Maine artist Scott Kelley tells stories of New England’s natural world in detailed watercolor paintings with multiple meanings.
Scott Kelley is an artist who enjoys telling stories. Kelley, who lives and works on Peaks Island, Maine, creates meticulously-detailed watercolor and gouache paintings of animals, birds, and other objects from nature. His work mixes fact with fiction, from woodland animals wearing Native American garb to portraits of children juxtaposed with 19th century whaling images. “I’ve always thought of my gallery exhibits as operas complete with a cast of characters from a libretto,” he says.
Kelley’s “characters” are the often unseen (or forgotten) objects that are emblematic of New England and the shoreline—beach stones, quahog shells, herons, fish. Born in Binghamton, New York, Kelley knew at age five that he wanted to be an artist. Although he was naturally drawn to the style of American realist painters such as Andrew Wyeth and Rockwell Kent, Kelley was schooled in minimalism at The Cooper Union in New York City (he also attended the Slade School of Fine Art in London and did post-graduate work at the Glassell School of Art, Museum of Fine Arts, in Houston). “Realism was frowned upon when I was in college in the 1980s,” he says, although he believes his minimalist training enables him to add multiple layers of meaning to his work. “I find that my paintings have meanings that aren’t apparent to viewers and I can still tell stories,” he says.
Living on Long Island in the early 1990s, Kelley was inspired by the natural world around him, on the beach and in the water. He created highly detailed, straightforward paintings of rocks and shells. One day, when he and his wife Gail were out sailing, he saw a pair of blue herons and was moved to paint them as well, generating a whole series of works about birds. In 2003, he was artist-in-residence for a month at the Palmer Station in Antarctica, painting penguins and local wildlife.
Concepts for Kelley’s works can take years to develop, shaped by his love of history and nature. Maine, in particular, strongly influences his work. “To me, Maine is a specific mindset,” Kelley says. “It’s a place with a number of personalities that are hard to attach to. It’s intriguing.” The state‘s personality is evident in his whaling series, which started as a group of paintings of whales and morphed into an eight-year project based on the history of American whaling. It includes scrimshaw of whales on reclaimed ivory (old piano keys) and portraits of Peaks Island children in period clothing or holding whaling artifacts.
Kelley’s most recent work is Birch, a limited-edition children’s book adapted from a Wabanaki folk tale about a birch tree who protects the forest.
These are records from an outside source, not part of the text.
lemma normalized_mutable_pair_exists:
  fixes P Q :: "(real^'n) set"
  assumes "lattice_polytope P" "deformation_pair P m Q"
  shows "\<exists>f g. normalized f \<and> normalized g \<and> newton f = P \<and> newton g = Q \<and> mutable m g f"
proof -
  have m: "m \<in> Mtilde" and Q: "lattice_polytope Q" "Q \<subseteq> {x. fst m \<bullet> x = 0}"
    using assms(2) by (auto simp: deformation_pair_def)
  obtain g where g: "normalized g" "newton g = Q" using normalized_with_newton[OF Q(1)] by blast
  have "laurent g" using g(1) by (simp add: normalized_def)
  have "supp g \<subseteq> Q" "convex Q" using g(2) unfolding newton_def by (auto simp: hull_inc)
  have "Q \<noteq> {}" using Q(1) by (auto simp: lattice_polytope_def)
  define E where "E = {e. e extreme_point_of P}"
  have "finite E" "E \<subseteq> lattice" using extreme_points_lattice_polytope[OF assms(1)] by (simp_all add: E_def)
  have phi_E: "phi m e = real_of_int \<lfloor>phi m e\<rfloor>" if "e \<in> E" for e
    using phi_Ints[OF m] that \<open>E \<subseteq> lattice\<close> by (metis Ints_cases floor_of_int subsetD)
  define k where "k e = nat \<lfloor>phi m e\<rfloor>" for e
  have "\<exists>q. q extreme_point_of Q \<and> (\<forall>q'\<in>Q. real (k e) *\<^sub>R q' + (e - real (k e) *\<^sub>R q) \<in> P)"
    if "e \<in> E" for e
    by (rule deformation_pair_extreme_point_decomposition[OF assms(2) _ phi_E[OF that]])
      (use that in \<open>auto simp: E_def k_def\<close>)
  then obtain q where q: "\<And>e. e \<in> E \<Longrightarrow> q e extreme_point_of Q"
    "\<And>e. e \<in> E \<Longrightarrow> \<forall>q'\<in>Q. real (k e) *\<^sub>R q' + (e - real (k e) *\<^sub>R q e) \<in> P"
    by metis
  define r where "r e = e - real (k e) *\<^sub>R q e" for e
  have r_lattice: "r e \<in> lattice" if "e \<in> E" for e
  proof -
    have "q e \<in> supp g" using q(1)[OF that] g(2) by (auto simp: newton_def dest: extreme_point_of_convex_hull)
    then show ?thesis using \<open>laurent g\<close> \<open>E \<subseteq> lattice\<close> that
      by (auto simp: r_def laurent_def intro!: lattice_diff lattice_scaleR)
  qed
  have r_level: "fst m \<bullet> r e = real_of_int \<lfloor>phi m e\<rfloor> - snd m" if "e \<in> E" for e
  proof -
    have "fst m \<bullet> q e = 0" using q(1)[OF that] Q(2) by (auto simp: extreme_point_of_def)
    then show ?thesis using phi_E[OF that] by (simp add: r_def phi_def inner_diff_right)
  qed
  define H where "H j = (\<lambda>x. of_bool (x \<in> r ` {e \<in> E. \<lfloor>phi m e\<rfloor> = j}) :: complex)" for j
  have supp_H: "supp (H j) = r ` {e \<in> E. \<lfloor>phi m e\<rfloor> = j}" for j by (simp add: H_def)
  have laurent_H: "laurent (H j)" for j
    using \<open>finite E\<close> r_lattice by (auto simp: laurent_def supp_H)
  have H_in_P: "\<forall>r'\<in>supp (H j). \<forall>q'\<in>Q. real (nat j) *\<^sub>R q' + r' \<in> P" for j
    using q(2) by (auto simp: supp_H r_def k_def)
  have supp_slice: "supp (lmult (H j) (lpow g (nat j))) \<subseteq> P \<inter> {x. phi m x = real_of_int j}" for j
  proof -
    have "supp (H j) \<subseteq> {x. fst m \<bullet> x = real_of_int j - snd m}" using r_level by (auto simp: supp_H)
    moreover have "supp (lpow g (nat j)) \<subseteq> {x. fst m \<bullet> x = 0}"
      using supp_lpow_hyperplane \<open>supp g \<subseteq> Q\<close> Q(2) by blast
    ultimately have "supp (lmult (H j) (lpow g (nat j))) \<subseteq> {x. fst m \<bullet> x = real_of_int j - snd m + 0}"
      by (rule supp_lmult_hyperplane)
    then show ?thesis
      using supp_lmult_lpow_subset[OF H_in_P \<open>convex Q\<close> \<open>Q \<noteq> {}\<close> \<open>supp g \<subseteq> Q\<close>]
      by (auto simp: phi_def)
  qed
  define F where "F = (\<lambda>x. lmult (H \<lfloor>phi m x\<rfloor>) (lpow g (nat \<lfloor>phi m x\<rfloor>)) x)"
  have "mutable m g F" unfolding F_def
  proof (rule mutable_glued_slices[OF \<open>laurent g\<close> laurent_H])
    have "{j. supp (H j) \<noteq> {}} \<subseteq> (\<lambda>e. \<lfloor>phi m e\<rfloor>) ` E" by (auto simp: supp_H)
    then show "finite {j. supp (H j) \<noteq> {}}" using \<open>finite E\<close> finite_surj by blast
  qed (use supp_slice in blast)
  have "F e = 1" if "e extreme_point_of P" for e
  proof -
    have "e \<in> E" using that by (simp add: E_def)
    have "g (q e) = 1" using g q(1)[OF \<open>e \<in> E\<close>] by (simp add: normalized_def)
    moreover have "r e \<in> supp (H \<lfloor>phi m e\<rfloor>)" using \<open>e \<in> E\<close> by (simp add: supp_H)
    ultimately show ?thesis
      using lmult_lpow_at_extreme_point[OF that laurent_H H_in_P \<open>laurent g\<close> \<open>convex Q\<close>
          \<open>supp g \<subseteq> Q\<close> q(1)[OF \<open>e \<in> E\<close>]]
      by (simp add: F_def r_def k_def H_def)
  qed
  moreover have "supp F \<subseteq> P" using supp_slice by (auto simp: F_def supp_def)
  ultimately have "normalized F" "newton F = P"
    using normalized_and_newton_eq[OF assms(1)] \<open>mutable m g F\<close> by (auto simp: mutable_def)
  then show ?thesis using g \<open>mutable m g F\<close> by blast
qed

lemma P_mut_witness:
  assumes "lattice_polytope P" "deformation_pair P m Q"
  obtains f g where "normalized f" "normalized g" "newton f = P" "newton g = Q" "mutable m g f"
    "P_mut P m Q = newton (mut m g f)"
proof -
  have "\<exists>R f g. normalized f \<and> normalized g \<and> newton f = P \<and> newton g = Q \<and>
      mutable m g f \<and> R = newton (mut m g f)"
    using normalized_mutable_pair_exists[OF assms] by blast
  then have "\<exists>f g. normalized f \<and> normalized g \<and> newton f = P \<and> newton g = Q \<and>
      mutable m g f \<and> P_mut P m Q = newton (mut m g f)"
    unfolding P_mut_def by (rule someI_ex)
  then show ?thesis using that by blast
qed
The project was inspired by Kelley’s portraits of animals, depicted as Wabanaki tribal elders. “I wanted to create a story the animals in my studio could inhabit,” he says (the book will be released nationally as I Am Birch in spring 2018). “I love places where nature rubs up against modern-day civilization.” It’s a story that, true to Kelley’s inquisitive nature, he’s explored in-depth.
Scott Kelley’s art work is on view at Dowling Walsh Gallery, Sigrid Freundorfer Fine Art, W.M. Brady & Co., and John H. Surovek Gallery.